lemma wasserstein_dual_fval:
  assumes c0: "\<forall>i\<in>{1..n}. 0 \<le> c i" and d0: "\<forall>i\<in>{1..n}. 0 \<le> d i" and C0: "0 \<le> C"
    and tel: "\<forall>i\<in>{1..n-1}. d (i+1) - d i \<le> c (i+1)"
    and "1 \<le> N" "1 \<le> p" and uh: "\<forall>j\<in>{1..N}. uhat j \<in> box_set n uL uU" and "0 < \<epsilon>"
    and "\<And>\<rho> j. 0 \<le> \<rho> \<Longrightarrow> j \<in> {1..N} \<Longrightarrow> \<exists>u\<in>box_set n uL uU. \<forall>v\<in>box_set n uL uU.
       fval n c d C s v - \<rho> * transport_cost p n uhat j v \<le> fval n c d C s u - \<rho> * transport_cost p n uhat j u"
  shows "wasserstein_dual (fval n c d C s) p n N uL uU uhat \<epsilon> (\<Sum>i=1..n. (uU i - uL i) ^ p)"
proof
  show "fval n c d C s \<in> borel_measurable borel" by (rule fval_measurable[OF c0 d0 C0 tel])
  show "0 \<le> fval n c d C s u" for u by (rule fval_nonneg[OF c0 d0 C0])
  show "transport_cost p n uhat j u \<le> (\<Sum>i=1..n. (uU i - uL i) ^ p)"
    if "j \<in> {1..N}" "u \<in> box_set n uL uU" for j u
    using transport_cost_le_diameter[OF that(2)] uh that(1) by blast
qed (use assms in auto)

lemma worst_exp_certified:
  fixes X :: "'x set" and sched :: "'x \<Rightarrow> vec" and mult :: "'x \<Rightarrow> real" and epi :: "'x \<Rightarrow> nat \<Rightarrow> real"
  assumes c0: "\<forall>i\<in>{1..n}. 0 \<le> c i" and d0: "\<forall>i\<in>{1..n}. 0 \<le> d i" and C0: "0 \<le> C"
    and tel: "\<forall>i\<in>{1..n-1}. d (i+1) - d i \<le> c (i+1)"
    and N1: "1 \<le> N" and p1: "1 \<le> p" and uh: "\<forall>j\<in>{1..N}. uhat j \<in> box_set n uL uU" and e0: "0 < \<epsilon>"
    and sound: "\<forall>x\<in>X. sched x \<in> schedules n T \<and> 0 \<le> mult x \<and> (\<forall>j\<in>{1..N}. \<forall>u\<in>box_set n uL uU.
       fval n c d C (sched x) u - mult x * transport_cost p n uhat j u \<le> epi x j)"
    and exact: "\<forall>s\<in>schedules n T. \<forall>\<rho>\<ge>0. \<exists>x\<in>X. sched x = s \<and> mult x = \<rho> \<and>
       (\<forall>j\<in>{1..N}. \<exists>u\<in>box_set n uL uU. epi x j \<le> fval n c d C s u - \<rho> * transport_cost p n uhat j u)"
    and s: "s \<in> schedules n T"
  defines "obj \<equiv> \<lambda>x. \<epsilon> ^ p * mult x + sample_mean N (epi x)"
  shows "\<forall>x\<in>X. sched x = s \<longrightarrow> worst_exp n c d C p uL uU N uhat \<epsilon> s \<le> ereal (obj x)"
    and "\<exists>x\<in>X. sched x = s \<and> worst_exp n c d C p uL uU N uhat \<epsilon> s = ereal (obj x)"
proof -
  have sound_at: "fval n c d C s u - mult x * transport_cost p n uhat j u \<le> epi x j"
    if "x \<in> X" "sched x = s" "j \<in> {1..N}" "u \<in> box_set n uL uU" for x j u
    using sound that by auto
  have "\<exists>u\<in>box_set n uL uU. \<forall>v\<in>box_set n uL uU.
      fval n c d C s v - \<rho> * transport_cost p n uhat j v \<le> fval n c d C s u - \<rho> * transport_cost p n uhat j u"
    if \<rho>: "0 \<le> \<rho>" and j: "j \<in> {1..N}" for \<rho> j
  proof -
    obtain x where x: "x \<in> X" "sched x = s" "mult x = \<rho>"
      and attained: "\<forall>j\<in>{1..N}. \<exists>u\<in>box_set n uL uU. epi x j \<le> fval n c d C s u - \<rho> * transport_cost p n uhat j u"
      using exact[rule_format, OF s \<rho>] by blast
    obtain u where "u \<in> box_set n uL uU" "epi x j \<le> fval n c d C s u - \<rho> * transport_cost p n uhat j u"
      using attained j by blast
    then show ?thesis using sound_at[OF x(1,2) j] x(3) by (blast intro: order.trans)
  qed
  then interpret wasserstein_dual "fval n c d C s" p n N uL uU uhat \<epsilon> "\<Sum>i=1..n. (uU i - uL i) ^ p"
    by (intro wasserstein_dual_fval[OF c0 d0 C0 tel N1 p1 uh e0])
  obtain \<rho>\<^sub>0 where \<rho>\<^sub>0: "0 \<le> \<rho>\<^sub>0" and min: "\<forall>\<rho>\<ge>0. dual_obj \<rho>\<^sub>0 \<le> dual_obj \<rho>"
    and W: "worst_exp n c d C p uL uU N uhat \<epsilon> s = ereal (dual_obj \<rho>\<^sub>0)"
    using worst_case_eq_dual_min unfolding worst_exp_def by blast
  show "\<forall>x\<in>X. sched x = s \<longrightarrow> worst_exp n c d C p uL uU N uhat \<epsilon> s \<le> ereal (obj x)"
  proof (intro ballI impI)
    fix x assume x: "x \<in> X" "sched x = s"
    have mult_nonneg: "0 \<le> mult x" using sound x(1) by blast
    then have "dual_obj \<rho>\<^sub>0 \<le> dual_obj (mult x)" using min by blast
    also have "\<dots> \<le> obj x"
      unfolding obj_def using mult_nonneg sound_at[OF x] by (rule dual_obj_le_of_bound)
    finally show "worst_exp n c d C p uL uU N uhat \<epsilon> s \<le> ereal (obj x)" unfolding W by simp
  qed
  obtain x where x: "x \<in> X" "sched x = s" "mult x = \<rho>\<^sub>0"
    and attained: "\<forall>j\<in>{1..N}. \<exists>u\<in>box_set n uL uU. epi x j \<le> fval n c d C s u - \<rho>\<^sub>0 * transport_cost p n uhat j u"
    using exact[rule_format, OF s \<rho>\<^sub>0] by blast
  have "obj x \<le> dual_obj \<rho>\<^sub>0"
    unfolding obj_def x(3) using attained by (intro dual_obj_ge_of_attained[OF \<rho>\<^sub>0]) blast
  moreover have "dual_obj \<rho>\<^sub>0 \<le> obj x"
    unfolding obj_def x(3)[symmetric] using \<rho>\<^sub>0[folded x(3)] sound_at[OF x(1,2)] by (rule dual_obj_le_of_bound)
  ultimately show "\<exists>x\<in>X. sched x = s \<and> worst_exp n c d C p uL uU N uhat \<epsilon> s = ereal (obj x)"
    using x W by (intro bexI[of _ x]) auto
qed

What the task requires: Would you please transcribe the lines above exactly, starting with the first line of the material and ending with the line that has "qed (use assms in auto)"?

Answer below:
lemma wasserstein_dual_fval:
  assumes c0: "\<forall>i\<in>{1..n}. 0 \<le> c i" and d0: "\<forall>i\<in>{1..n}. 0 \<le> d i" and C0: "0 \<le> C"
    and tel: "\<forall>i\<in>{1..n-1}. d (i+1) - d i \<le> c (i+1)"
    and "1 \<le> N" "1 \<le> p" and uh: "\<forall>j\<in>{1..N}. uhat j \<in> box_set n uL uU" and "0 < \<epsilon>"
    and "\<And>\<rho> j. 0 \<le> \<rho> \<Longrightarrow> j \<in> {1..N} \<Longrightarrow> \<exists>u\<in>box_set n uL uU. \<forall>v\<in>box_set n uL uU.
       fval n c d C s v - \<rho> * transport_cost p n uhat j v \<le> fval n c d C s u - \<rho> * transport_cost p n uhat j u"
  shows "wasserstein_dual (fval n c d C s) p n N uL uU uhat \<epsilon> (\<Sum>i=1..n. (uU i - uL i) ^ p)"
proof
  show "fval n c d C s \<in> borel_measurable borel" by (rule fval_measurable[OF c0 d0 C0 tel])
  show "0 \<le> fval n c d C s u" for u by (rule fval_nonneg[OF c0 d0 C0])
  show "transport_cost p n uhat j u \<le> (\<Sum>i=1..n. (uU i - uL i) ^ p)"
    if "j \<in> {1..N}" "u \<in> box_set n uL uU" for j u
    using transport_cost_le_diameter[OF that(2)] uh that(1) by blast
qed (use assms in auto)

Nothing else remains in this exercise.